With the college basketball season’s March Madness in full force, Inside Higher Ed asks the important question:

Who would win the NCAA men’s basketball tournament if the games were decided by the teams’ classroom performance?

While the academic tournament has at times been surprisingly accurate in predicting March Madness victors, last year’s tournament threw us for a loop. Academic tournament winner Belmont University was knocked out of the 2013 National Collegiate Athletic Association Division I men’s basketball tournament in the very first round.

So please keep that in mind if you’re inclined to base your bracket in your office pool this year on our findings below. (If you’re filling out a women’s bracket, check back Tuesday to see how women’s teams fared in our academic tournament.)

To determine the winners, we look to the Academic Progress Rate, the NCAA’s multiyear measure of a team’s classroom performance (in this case, from to 2008-12).
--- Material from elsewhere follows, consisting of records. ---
(* Let $\mathcal{P}_1,\mathcal{P}_2$ be finite posets with $p_j=|\mathcal{P}_j|$, and for $j=1,2$ let $\mathbf{V}_j\in\mathbb{R}^{p_j\times q_j}$ be a fixed matrix whose columns are the $q_j$ extremal rays of $\mathcal{C}(\mathcal{P}_j)$ (one representative vector per ray). Then for every matrix $\mathbf{T}\in\mathcal{N}_{<\infty}$, the nondecreasing rank of $\mathbf{T}$ equals the smallest nonnegative rank of a matrix $\mathbf{H}\in\mathbb{R}^{q_1\times q_2}$ with nonnegative entries satisfying $\mathbf{T}=\mathbf{V}_1\mathbf{H}\mathbf{V}_2^\intercal$.
   Context: For a finite poset $\mathcal{Q}$, the order cone $\mathcal{C}(\mathcal{Q})$ is the set of $\mathbf{f}\in\mathbb{R}^{\mathcal{Q}}$ with $f_x\ge0$ for all $x$ and $f_x\le f_y$ whenever $x\preceq y$; it is a polyhedral cone with finitely many extremal rays (one-dimensional faces). $\mathcal{N}_{<\infty}$ is the set of matrices $\mathbf{T}=\sum_{i=1}^r\mathbf{a}_i\mathbf{b}_i^\intercal$ (finite $r$) with $\mathbf{a}_i\in\mathcal{C}(\mathcal{P}_1)$, $\mathbf{b}_i\in\mathcal{C}(\mathcal{P}_2)$, and the nondecreasing rank is the minimal such $r$. The nonnegative rank of a nonnegative matrix $\mathbf{H}$ is the minimal $r$ with $\mathbf{H}=\sum_{i=1}^r\mathbf{c}_i\mathbf{d}_i^\intercal$, $\mathbf{c}_i,\mathbf{d}_i$ entrywise nonnegative. *)

theory Defs
  imports "HOL-Analysis.Analysis"
begin

text \<open>A finite poset is modelled as a finite type with a partial order;
  vectors in R^P are elements of real^'a.\<close>

definition order_cone :: "(real ^ 'a::{finite,order}) set" where
  "order_cone = {f. (\<forall>x. 0 \<le> f $ x) \<and> (\<forall>x y. x \<le> y \<longrightarrow> f $ x \<le> f $ y)}"

definition extremal_rays :: "(real ^ 'a::{finite,order}) set set" where
  "extremal_rays = {F. F face_of (order_cone :: (real ^ 'a::{finite,order}) set) \<and> aff_dim F = 1}"

definition ray_of :: "'v::real_vector \<Rightarrow> 'v set" where
  "ray_of v = {c *\<^sub>R v | c. 0 \<le> c}"

definition outer :: "real ^ 'm \<Rightarrow> real ^ 'n \<Rightarrow> real ^ 'n ^ 'm" where
  "outer a b = (\<chi> i j. a $ i * b $ j)"

definition nonneg_vec :: "real ^ 'n \<Rightarrow> bool" where
  "nonneg_vec v \<longleftrightarrow> (\<forall>i. 0 \<le> v $ i)"

definition nonneg_mat :: "real ^ 'n ^ 'm \<Rightarrow> bool" where
  "nonneg_mat H \<longleftrightarrow> (\<forall>i j. 0 \<le> H $ i $ j)"

definition nd_decomp :: "real ^ 'b::{finite,order} ^ 'a::{finite,order} \<Rightarrow> nat \<Rightarrow> bool" where
  "nd_decomp T r \<longleftrightarrow> (\<exists>a b. (\<forall>i<r. a i \<in> order_cone \<and> b i \<in> order_cone)
       \<and> T = (\<Sum>i<r. outer (a i) (b i)))"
When two teams tie, as they inevitably do, we turn to the NCAA’s Graduation Success Rate, which measures the proportion of athletes on track to graduate within six years.

In the event of a GSR tie, our final determinant is the Federal Graduation Rate, a slightly different formula that the government uses to track graduation rates.

This year’s Academic Performance Tournament was largely decided in the Sweet 16, where two squads with perfect Academic Progress Rates and Graduation Success Rates — the Universities of Dayton and Kansas — met in the South Region, with the victor decided by the Federal Graduation Rate.